I've been having a shitty time of it in RPland...until I skimmed through this. I don't even want to know what game it was, who was running it or any other details. I'm 98% certain I know what fandom it is...a much abused fandom in RP/fanfic land, but wow. Reading someone actually try to defend that crap? I'm now looking at my shitty time and going "Lalala! I feel so much better now!"

.: r&d in letters and fact :. [userpic]
by .: r&d in letters and fact :. ([info]indelible_ink)
at August 4th, 2018 (12:08 pm)

Becoming disabled isn't the end of the world.

Using a wheelchair isn't automatically a source of pity and angst.

It's 2018. Disabled characters aren't your pity porn. Disabled writers are out here, and writing our disabilities shouldn't be your angsty plot twist. Let us have plots where we see ourselves as something other than a goddamn tragedy.

teh_shizzle [userpic]
by teh_shizzle ([info]teh_shizzle)
at August 4th, 2018 (09:17 am)

note to self: just because we've played a million psls with his face doesn't mean he's mine. you're allowed to play him with others at a game. stop being so possessive and whiny.

♡ [userpic]
by ♡ ([info]bad_username)
at August 2nd, 2018 (08:18 pm)

The minute I kind of get my RP brain back, my net decides to slow down to a snail's pace. /Ramsay c'mon gif/

But I could always use some more muses to foster, so does anyone have any awesome book recommendations with strong females in the lead?

raccooncity [userpic]
by raccooncity ([info]raccooncity)
at August 1st, 2018 (11:03 pm)

so, I fucked up.

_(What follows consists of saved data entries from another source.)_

lemma omega_saturated_nonalgebraic:
  fixes M :: "('f, 'r, 'a) struct" and T :: "'i \<Rightarrow> 'a set"
  assumes sat: "omega_saturated M" and "finite B"
    and defs: "\<forall>i\<in>I. definable_unary M B (T i)"
    and fip: "\<And>I0 F. I0 \<subseteq> I \<Longrightarrow> finite I0 \<Longrightarrow> finite F \<Longrightarrow> \<exists>b. b \<notin> F \<and> (\<forall>i\<in>I0. b \<in> T i)"
  obtains b where "\<forall>i\<in>I. b \<in> T i" "b \<notin> acl M B"
proof -
  obtain bs where bs: "set bs = B" using finite_list[OF \<open>finite B\<close>] by blast
  define E where "E = list_env bs (undefined :: 'a)"
  have defining_fm: "\<exists>\<phi>. \<forall>b. sat M \<phi> (E(0 := b)) \<longleftrightarrow> b \<in> T'" if "definable_unary M B T'" for T'
    using definable_unary_list_env[OF that, of bs undefined] bs unfolding E_def by auto
  define \<Phi> where "\<Phi> = {\<phi>. \<exists>i\<in>I. \<forall>b. sat M \<phi> (E(0 := b)) \<longleftrightarrow> b \<in> T i}"
  obtain b where b: "\<forall>\<phi>\<in>\<Phi>. sat M \<phi> (E(0 := b))"
    "\<And>\<psi>. finite {b. sat M \<psi> (E(0 := b))} \<Longrightarrow> \<not> sat M \<psi> (E(0 := b))"
  proof (rule omega_saturated_nonalgebraic_fm[OF sat])
    show "finite (range E)" by (simp add: E_def finite_range_list_env)
    fix \<Phi>0 and F :: "'a set" assume \<Phi>0: "\<Phi>0 \<subseteq> \<Phi>" "finite \<Phi>0" and "finite F"
    have "\<forall>\<phi>\<in>\<Phi>0. \<exists>i. i \<in> I \<and> (\<forall>b. sat M \<phi> (E(0 := b)) \<longleftrightarrow> b \<in> T i)"
      using \<Phi>0(1) unfolding \<Phi>_def by blast
    then obtain ii where ii: "\<forall>\<phi>\<in>\<Phi>0. ii \<phi> \<in> I \<and> (\<forall>b. sat M \<phi> (E(0 := b)) \<longleftrightarrow> b \<in> T (ii \<phi>))"
      by (rule bchoice[THEN exE])
    then obtain c where "c \<notin> F" "\<forall>i\<in>ii ` \<Phi>0. c \<in> T i"
      using fip[of "ii ` \<Phi>0" F] \<Phi>0(2) \<open>finite F\<close> by blast
    then show "\<exists>c. c \<notin> F \<and> (\<forall>\<phi>\<in>\<Phi>0. sat M \<phi> (E(0 := c)))" using ii by blast
  qed blast
  show ?thesis
  proof (rule that)
    show "\<forall>i\<in>I. b \<in> T i"
    proof
      fix i assume i: "i \<in> I"
      then obtain \<phi> where \<phi>: "\<forall>b. sat M \<phi> (E(0 := b)) \<longleftrightarrow> b \<in> T i" using defs defining_fm by blast
      then have "\<phi> \<in> \<Phi>" using i by (auto simp: \<Phi>_def)
      then show "b \<in> T i" using b(1) \<phi> by blast
    qed
    show "b \<notin> acl M B"
    proof
      assume "b \<in> acl M B"
      then obtain T' where T': "definable_unary M B T'" "finite T'" "b \<in> T'"
        by (auto simp: acl_iff_definable_finite)
      then obtain \<psi> where \<psi>: "\<forall>b. sat M \<psi> (E(0 := b)) \<longleftrightarrow> b \<in> T'" using defining_fm by blast
      then have "\<not> sat M \<psi> (E(0 := b))" using b(2)[of \<psi>] T'(2) by simp
      then show False using \<psi> T'(3) by blast
    qed
  qed
qed
(* Local dominance improvement dynamics for multiple issues need not converge, even if all issues are binary and all agents use the $\ell_\infty$ distance with the same constant uncertainty parameters. One instance: - $p=2$ binary issues, $n=13$ agents, and $(r^1_j,r^2_j)=(1,2)$ for every agent $j$ in every round. - Three agents have ranking $(0,1)\succ(1,1)\succ(1,0)\succ(0,0)$. - Five agents have ranking $(0,0)\succ(0,1)\succ(1,1)\succ(1,0)$. - Four agents have ranking $(1,0)\succ(1,1)\succ(0,0)\succ(0,1)$. - One agent has ranking $(1,1)\succ(1,0)\succ(0,1)\succ(0,0)$. In this instance there is an infinite (cyclic) sequence of LDI steps starting from the truthful vote profile.
   Context: Issues $\mathcal P=\{1,\dots,p\}$ with finite candidate sets $D_i$; binary means $D_i=\{0,1\}$. There are $n$ agents with strict rankings $\succ_j$ over $\mathcal D=\prod_iD_i$, and vote profiles $a\in\mathcal D^n$. The truthful profile has each agent voting for their top alternative. Score tuples and outcomes: - For a score tuple $v=(v^i)_i$ with $v^i\in\mathbb N^{D_i}$, the plurality outcome $f(v)$ picks on each issue the top-scoring candidate, with ties broken lexicographically ($0$ before $1$). - $v+b$ adds one vote for $b^i$ on each issue $i$. - $s_{-j}(a)$ is the score tuple of $a$ without agent $j$. Uncertainty with the $\ell_\infty$ distance and parameters $r_j=(r_j^i)_i$: $$\tilde S_{-j}(a;r_j)=\prod_i\{v^i\in\mathbb N^{D_i}:\max_{c}|v^i(c)-s^i_{-j}(c;a)|\le r^i_j\}.$$ Local dominance: $\hat a_j$ $S$-beats $a_j$ if some $v\in S$ has $f(v+\hat a_j)\succ_j f(v+a_j)$. The vote $\hat a_j$ $S$-dominates $a_j$ if it $S$-beats $a_j$ and $a_j$ does not $S$-beat $\hat a_j$. An LDI step of $j$ on issue $i$ at $a$ (with $S=\tilde S_{-j}(a;r_j)$) is a change to a vote that satisfies all of the following: - it $S$-dominates $a_j$; - it differs from $a_j$ only on issue $i$; - it is not $S$-dominated by another vote differing from $a_j$ only on issue $i$. Dynamics: at each round a scheduler selects one agent and one issue on which the agent has an LDI step, and that agent makes it. Convergence means every such sequence is finite from every initial profile. *)

theory Defs
  imports Main
begin

text \<open>Issues are indexed 0..p-1 (issue i of the paper is index i-1).
  D i is the finite candidate set of issue i (candidates are natural numbers; ties are
  broken towards the smallest candidate, i.e. 0 before 1).  A score tuple is a function v :: issue => candidate => nat,
  with v i c = 0 for c outside D i (so v^i is an element of N^{D_i}).\<close>

type_synonym alt = "nat list"
type_synonym profile = "nat \<Rightarrow> alt"
type_synonym scores = "nat \<Rightarrow> nat \<Rightarrow> nat"

definition is_alt :: "(nat \<Rightarrow> nat set) \<Rightarrow> nat \<Rightarrow> alt \<Rightarrow> bool" where
  "is_alt D p x \<longleftrightarrow> length x = p \<and> (\<forall>i<p. x ! i \<in> D i)"

definition rank_pref :: "alt list \<Rightarrow> alt \<Rightarrow> alt \<Rightarrow> bool" where
  "rank_pref L x y \<longleftrightarrow> (\<exists>k l. k < l \<and> l < length L \<and> L ! k = x \<and> L ! l = y)"

definition plurality :: "(nat \<Rightarrow> nat set) \<Rightarrow> nat \<Rightarrow> scores \<Rightarrow> alt" where
  "plurality D p v = map (\<lambda>i. LEAST c. c \<in> D i \<and> (\<forall>c'\<in>D i. v i c' \<le> v i c)) [0..<p]"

I crossed the biggest ooc/ic possible and its probably weird to even post this here to a bunch of strangers but I literally can't tell or talk to anyone irl about it. My long-term slp and I had been writing together for two years if not a little more, 1.5 of those we were best friends. We talked literally every hour we were awake, about everything and nothing. Hell we had our own vocabulary, I can honestly say I haven't ever been as close to another human as I was with her. Things were pretty awesome tbh then I caught feelings and like an idiot confessed them. At first her response was basically we're an ocean a part even if I wanted the same ..ya get the drift then a few days later it was i had projected these feelings or saw things that weren't there etc etc

So in one swoop I lost not only my best friend but an amazing line and 6 months later I still can't play in certain fandoms or as certain celebs for fear of running into her and feeling like a ducking creep. This sounds insane I know and I'm sorry for posting this here but it hurts still and like I said I can't exactly tell any rl people that im upset about a person I've never met and lines missed all in one.

R | Sexual Outlaw & Cultural Marxist [userpic]
by R | Sexual Outlaw & Cultural Marxist ([info]grantaire)
at August 1st, 2018 (10:55 pm)

Dubious consent plots featuring minors and ~sinful~ homophobe-turned-homosexual dalliences?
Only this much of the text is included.